3. Which of the following functions is the inverse of f(x) = x + 11?
- A. g(x) = x - 11
- B. g(x) = 11 - x
- C. g(x) = 11x
- D. g(x) = x / 11
4. The functions f(x) = x - 15 and g(x) = x + 15 are inverses. If you evaluate f(50), you get 35. What is the value of g(35)? ___
5. A function is defined by the equation y = x^9. Which equation is an equivalent formula for its inverse function?
- A. $x = y^9$
- B. $y = \frac{1}{x^9}$
- C. $x = \frac{1}{y^9}$
- D. y = 9x
6. Let $f(x) = 4x - 5$ and $g(x) = \frac{x+5}{4}$. Find the simplified expression for the composition $f(g(x))$. The result is ___.
7. Let $f(x) = 6x + 2$ and $g(x) = \frac{x-2}{6}$. Find the simplified expression for the composition $g(f(x))$. The result is ___.
8. Which statement correctly describes the necessary condition for two functions, $f(x)$ and $g(x)$, to be inverses?
- A. $f(g(x)) = x$ is sufficient.
- B. $g(f(x)) = x$ is sufficient.
- C. Both $f(g(x)) = x$ and $g(f(x)) = x$ must be true.

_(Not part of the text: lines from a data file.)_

lemma simple_path_circle_image:
  fixes \<Phi> :: "complex \<Rightarrow> 'a::t2_space"
  assumes cont: "continuous_on UNIV (\<lambda>t. \<Phi> (cis t))" and inj: "inj_on \<Phi> (sphere 0 1)"
  shows "simple_path (\<lambda>x. \<Phi> (cis (2 * pi * x)))"
  unfolding simple_path_def loop_free_def
proof (intro conjI ballI impI)
  show "path (\<lambda>x. \<Phi> (cis (2 * pi * x)))"
    unfolding path_def
    by (rule continuous_on_compose2[OF cont continuous_on_mult_const]) auto
  fix x y :: real assume "x \<in> {0..1}" "y \<in> {0..1}" "\<Phi> (cis (2 * pi * x)) = \<Phi> (cis (2 * pi * y))"
  then show "x = y \<or> x = 0 \<and> y = 1 \<or> x = 1 \<and> y = 0"
    using cis_eq_cis_unit_interval[of 0 x y] inj_onD[OF inj] by simp
qed

lemma winding_number_recentred_loop:
  fixes \<sigma> :: "real \<Rightarrow> complex"
  assumes cont: "continuous_on UNIV \<sigma>" and per: "\<And>t. \<sigma> (t + 2 * pi) = \<sigma> t"
    and t0: "-pi \<le> t0" "t0 \<le> pi"
    and w: "w \<notin> path_image (\<lambda>x. \<sigma> (t0 + 2 * pi * (x - 1/2)))"
  shows "w \<notin> path_image (\<lambda>x. \<sigma> (2 * pi * x))"
    and "winding_number (\<lambda>x. \<sigma> (2 * pi * x)) w = winding_number (\<lambda>x. \<sigma> (t0 + 2 * pi * (x - 1/2))) w"
proof -
  define \<gamma> g where "\<gamma> = (\<lambda>x. \<sigma> (2 * pi * x))" and "g = (\<lambda>x. \<sigma> (t0 + 2 * pi * (x - 1/2)))"
  have "path \<gamma>"
    unfolding path_def \<gamma>_def by (rule continuous_on_compose2[OF cont continuous_on_mult_const]) auto
  moreover have loop: "pathfinish \<gamma> = pathstart \<gamma>"
    using per[of 0] by (simp add: \<gamma>_def pathfinish_def pathstart_def)
  moreover define a where "a = (t0 + pi) / (2 * pi)"
  moreover have a: "a \<in> {0..1}" using t0 by (auto simp: a_def field_simps)
  moreover have shift: "shiftpath a \<gamma> x = g x" if "x \<in> {0..1}" for x
  proof -
    have "2 * pi * (a + x) = (t0 + 2 * pi * (x - 1/2)) + 2 * pi"
         "2 * pi * (a + x - 1) = t0 + 2 * pi * (x - 1/2)"
      by (simp_all add: a_def field_simps)
    then show ?thesis by (simp add: shiftpath_def \<gamma>_def g_def per)
  qed
  moreover have "path_image \<gamma> = path_image g"
    using path_image_shiftpath[OF a loop] shift by (auto simp: path_image_def)
  ultimately show "w \<notin> path_image \<gamma>" "winding_number \<gamma> w = winding_number g w"
    using w winding_number_shiftpath[of \<gamma> w a] winding_number_cong[of "shiftpath a \<gamma>" g w]
    by (auto simp: g_def)
qed

lemma supporting_tangent_orientation:
  fixes \<Phi> :: "complex \<Rightarrow> complex" and D :: "complex set" and \<nu> :: complex
  assumes cont: "continuous_on UNIV (\<lambda>t. \<Phi> (cis t))"
    and deriv: "((\<lambda>t. \<Phi> (cis t)) has_vector_derivative k *\<^sub>R (\<i> * \<nu>)) (at t0)"
    and t0: "-pi \<le> t0" "t0 \<le> pi"
    and inj: "inj_on \<Phi> (sphere 0 1)"
    and D: "open D" "frontier D = \<Phi> ` sphere 0 1"
    and orient: "\<And>w. w \<in> D \<Longrightarrow> winding_number (\<lambda>t. \<Phi> (cis (2 * pi * t))) w = 1"
    and \<nu>: "\<nu> \<noteq> 0"
    and supp: "\<And>z. z \<in> sphere 0 1 \<Longrightarrow> (\<Phi> z - \<Phi> (cis t0)) \<bullet> \<nu> \<le> 0"
  shows "k \<ge> 0"
proof (rule ccontr)
  assume "\<not> k \<ge> 0"
  define \<gamma> where "\<gamma> = (\<lambda>x. \<Phi> (cis (2 * pi * x)))"
  define g where "g = (\<lambda>x. \<Phi> (cis (t0 + 2 * pi * (x - 1/2))))"
  have cis_shift: "cis (u + 2 * pi) = cis u" for u
    using cis_eq_cis_iff[of "u + 2 * pi" u] by (metis mult.right_neutral of_int_1)
  have "continuous_on {0..1} (\<lambda>x. t0 + 2 * pi * (x - 1/2))" by (intro continuous_intros)
  then have path_g: "path g"
    unfolding path_def g_def by (rule continuous_on_compose2[OF cont]) auto
  have loop_g: "pathfinish g = pathstart g"
    using cis_shift[of "t0 - pi"] by (simp add: pathfinish_def pathstart_def g_def algebra_simps)
  have "((\<lambda>x. t0 + 2 * pi * (x - 1/2)) has_vector_derivative 2 * pi) (at (1/2))"
    by (auto intro!: derivative_eq_intros simp: has_real_derivative_iff_has_vector_derivative[symmetric])
  moreover have "((\<lambda>t. \<Phi> (cis t)) has_vector_derivative k *\<^sub>R (\<i> * \<nu>)) (at (t0 + 2 * pi * (1/2 - 1/2)))"
    using deriv by simp
  ultimately have gd: "(g has_vector_derivative (2 * pi * k) *\<^sub>R (\<i> * \<nu>)) (at (1/2))"
    unfolding g_def using vector_diff_chain_at by (fastforce simp: o_def)
  obtain w where w: "w \<notin> path_image g" "Re (winding_number g w) < 0"
  proof (rule winding_number_negative_at_supporting_tangent[OF path_g loop_g \<nu> _ gd])
    show "2 * pi * k < 0" using \<open>\<not> k \<ge> 0\<close> by (simp add: mult_pos_neg)
    show "t = 1/2" if "t \<in> {0..1}" "g t = g (1/2)" for t
    proof -
      have "cis (t0 - pi + 2 * pi * t) = cis (t0 - pi + 2 * pi * (1/2))"
        using inj_onD[OF inj] that(2) by (simp add: g_def algebra_simps)
      then show ?thesis using cis_eq_cis_unit_interval that(1) by fastforce
    qed
    show "path_image g \<subseteq> {y. (y - g (1/2)) \<bullet> \<nu> \<le> 0}"
      using supp by (auto simp: path_image_def g_def)
  qed
  then have w\<gamma>: "w \<notin> path_image \<gamma>" and "Re (winding_number \<gamma> w) < 0"
    using winding_number_recentred_loop[OF cont _ t0, of w] cis_shift by (simp_all add: \<gamma>_def g_def)
  moreover have \<gamma>: "simple_path \<gamma>" "pathfinish \<gamma> = pathstart \<gamma>"
    using simple_path_circle_image[OF cont inj] by (simp_all add: \<gamma>_def pathfinish_def pathstart_def)
  moreover obtain d where "d \<in> D" using D(2) frontier_empty by fastforce
  then have "d \<notin> path_image \<gamma>" "winding_number \<gamma> d = 1"
    using D orient interior_open[OF D(1)] by (auto simp: path_image_def \<gamma>_def frontier_def)
  ultimately show False
    using simple_closed_path_winding_number_0_or_1[OF \<gamma> _ _ w\<gamma>] by fastforce
qed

- D. $f(x) = -g(x)$ must be true.
9. Consider $f(x) = x+5$ and $g(x) = x-6$. Are these functions inverses of each other?
- A. Yes, because they are both linear functions.
- B. No, because $f(g(x))$ does not simplify to $x$.
- C. Yes, because subtraction is the inverse of addition.
- D. No, because $g(x)$ should be $5-x$.
10. Given $f(x) = x^3 - 1$ and $g(x) = \sqrt[3]{x+1}$. To verify they are inverses, we find $f(g(x))$. What is the resulting expression? $f(g(x)) = $ ___.